__Aim of the exercise__.
Every line of the entries that holds the word "open" is to be copied.
== Input material
lemma vpow_cong:
  assumes "\<And>i. i < r \<Longrightarrow> \<gamma> i [^] x i = \<gamma>' i [^] (x' i :: int)" and "\<forall>i<r. \<gamma>' i \<in> carrier G"
  shows "vpow G \<gamma> r x = vpow G \<gamma>' r x'"
  unfolding vpow_def using assms by (intro finprod_cong') auto

lemma vpow_mult:
  assumes "\<forall>i<r. \<gamma> i \<in> carrier G"
  shows "vpow G \<gamma> r x \<otimes> vpow G \<gamma> r y = vpow G \<gamma> r (\<lambda>i. x i + y i)"
proof -
  have "vpow G \<gamma> r x \<otimes> vpow G \<gamma> r y = finprod G (\<lambda>i. \<gamma> i [^] x i \<otimes> \<gamma> i [^] y i) {..<r}"
    unfolding vpow_def using assms by (subst finprod_multf) auto
  also have "\<dots> = vpow G \<gamma> r (\<lambda>i. x i + y i)"
    unfolding vpow_def using assms by (intro finprod_cong') (auto simp: int_pow_mult)
  finally show ?thesis .
qed

lemma vpow_zero: "vpow G \<gamma> r (\<lambda>i. 0) = \<one>"
  unfolding vpow_def by (intro finprod_one_eqI) simp

lemma vpow_eq_one:
  assumes "\<forall>i<r. \<gamma> i \<in> carrier G" and "\<forall>i<r. int (ord (\<gamma> i)) dvd x i"
  shows "vpow G \<gamma> r x = \<one>"
  unfolding vpow_def by (rule finprod_one_eqI) (use assms in \<open>auto simp: int_pow_eq_id\<close>)

lemma vpow_nat_pow:
  assumes "\<forall>i<r. \<gamma> i \<in> carrier G"
  shows "vpow G \<gamma> r x [^] (m::nat) = vpow G \<gamma> r (\<lambda>i. int m * x i)"
proof (induction m)
  case 0
  then show ?case using vpow_zero by simp
next
  case (Suc m)
  have "vpow G \<gamma> r x [^] Suc m = vpow G \<gamma> r (\<lambda>i. int m * x i + x i)"
    using Suc vpow_mult[OF assms] by simp
  also have "(\<lambda>i. int m * x i + x i) = (\<lambda>i. int (Suc m) * x i)"
    by (auto simp: algebra_simps)
  finally show ?case .
qed

lemma vpow_pow_base:
  assumes "\<forall>i<r. \<alpha> i \<in> carrier G" and "\<forall>i<r. \<gamma> i = \<alpha> i [^] (c i :: nat)"
  shows "vpow G \<gamma> r x = vpow G \<alpha> r (\<lambda>i. int (c i) * x i)"
  using assms by (intro vpow_cong) (auto simp: int_pow_pow simp flip: int_pow_int)

lemma vpow_reduce:
  assumes "\<forall>i<r. \<gamma> i \<in> carrier G"
  shows "vpow G \<gamma> r (\<lambda>i. if i < r then x i mod int (ord (\<gamma> i)) else 0) = vpow G \<gamma> r x"
  using assms by (intro vpow_cong) (auto simp: int_pow_eq simp flip: mod_eq_dvd_iff)

lemma vpow_alpha_ab:
  assumes "\<forall>i<r. \<alpha> i \<in> carrier G"
  shows "vpow G (alpha_ab G p \<alpha> a b) r u = vpow G \<alpha> r (\<lambda>i. int (qvec G p \<alpha> a b i) * u i)"
  using assms by (intro vpow_pow_base) (auto simp: alpha_ab_def)

lemma alpha_ab_eq_pow:
  assumes "\<alpha> i \<in> carrier G" and "b \<le> b'"
  shows "alpha_ab G p \<alpha> a b i = alpha_ab G p \<alpha> a b' i [^] (qvec G p \<alpha> a b i div qvec G p \<alpha> a b' i)"
proof -
  have "qvec G p \<alpha> a b' i dvd qvec G p \<alpha> a b i"
    unfolding qvec_def using \<open>b \<le> b'\<close> by (intro le_imp_power_dvd) arith
  then show ?thesis
    using assms(1) by (simp add: alpha_ab_def nat_pow_pow)
qed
====
__Exercise solution__.
  unfolding vpow_def by (rule finprod_one_eqI) (use assms in \<open>auto simp: int_pow_eq_id\<close>)
    unfolding qvec_def using \<open>b \<le> b'\<close> by (intro le_imp_power_dvd) arith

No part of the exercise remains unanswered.